In the data that follows, find the line containing "theory Defs"; then quote that line and every line after it, exactly, through the last one.
Input for this task START
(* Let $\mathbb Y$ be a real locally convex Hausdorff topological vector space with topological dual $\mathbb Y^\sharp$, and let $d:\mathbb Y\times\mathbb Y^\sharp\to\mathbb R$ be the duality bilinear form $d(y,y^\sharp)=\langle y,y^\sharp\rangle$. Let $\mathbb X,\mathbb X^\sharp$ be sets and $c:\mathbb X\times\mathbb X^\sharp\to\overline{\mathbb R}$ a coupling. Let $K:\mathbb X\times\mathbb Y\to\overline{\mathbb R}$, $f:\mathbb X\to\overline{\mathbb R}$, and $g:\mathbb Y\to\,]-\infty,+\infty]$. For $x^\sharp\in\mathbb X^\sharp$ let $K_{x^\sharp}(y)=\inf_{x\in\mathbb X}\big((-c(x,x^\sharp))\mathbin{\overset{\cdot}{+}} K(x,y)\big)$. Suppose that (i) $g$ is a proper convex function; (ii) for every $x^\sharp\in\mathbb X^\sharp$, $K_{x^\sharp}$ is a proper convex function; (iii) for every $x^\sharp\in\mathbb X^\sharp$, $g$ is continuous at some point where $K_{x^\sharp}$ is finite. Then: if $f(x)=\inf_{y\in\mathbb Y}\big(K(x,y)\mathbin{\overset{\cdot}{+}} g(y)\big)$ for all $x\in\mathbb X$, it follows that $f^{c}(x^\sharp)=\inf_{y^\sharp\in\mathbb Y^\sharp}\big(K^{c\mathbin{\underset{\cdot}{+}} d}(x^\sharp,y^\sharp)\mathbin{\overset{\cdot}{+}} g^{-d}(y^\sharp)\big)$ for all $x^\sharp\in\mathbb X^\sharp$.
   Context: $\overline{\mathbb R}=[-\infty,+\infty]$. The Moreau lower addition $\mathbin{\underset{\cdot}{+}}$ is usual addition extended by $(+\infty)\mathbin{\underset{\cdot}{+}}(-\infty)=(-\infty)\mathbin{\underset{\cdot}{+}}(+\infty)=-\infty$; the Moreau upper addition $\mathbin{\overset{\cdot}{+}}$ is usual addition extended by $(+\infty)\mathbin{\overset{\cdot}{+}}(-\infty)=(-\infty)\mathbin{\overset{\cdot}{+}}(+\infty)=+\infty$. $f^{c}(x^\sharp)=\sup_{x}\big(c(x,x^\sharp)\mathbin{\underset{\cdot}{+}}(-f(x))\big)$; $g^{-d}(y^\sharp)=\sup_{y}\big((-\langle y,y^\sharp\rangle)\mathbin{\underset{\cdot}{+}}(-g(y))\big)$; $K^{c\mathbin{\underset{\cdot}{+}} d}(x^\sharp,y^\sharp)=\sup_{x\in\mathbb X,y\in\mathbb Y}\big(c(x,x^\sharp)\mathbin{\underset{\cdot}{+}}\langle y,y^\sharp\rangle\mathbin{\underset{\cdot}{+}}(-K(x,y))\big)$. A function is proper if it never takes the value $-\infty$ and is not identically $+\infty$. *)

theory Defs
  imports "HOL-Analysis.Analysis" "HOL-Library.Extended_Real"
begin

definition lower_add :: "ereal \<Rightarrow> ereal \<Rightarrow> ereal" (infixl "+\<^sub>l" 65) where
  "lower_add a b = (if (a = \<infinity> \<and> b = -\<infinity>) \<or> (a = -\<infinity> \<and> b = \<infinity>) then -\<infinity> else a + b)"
Input for this task END
> [Result of the task]
theory Defs
  imports "HOL-Analysis.Analysis" "HOL-Library.Extended_Real"
begin

definition lower_add :: "ereal \<Rightarrow> ereal \<Rightarrow> ereal" (infixl "+\<^sub>l" 65) where
  "lower_add a b = (if (a = \<infinity> \<and> b = -\<infinity>) \<or> (a = -\<infinity> \<and> b = \<infinity>) then -\<infinity> else a + b)"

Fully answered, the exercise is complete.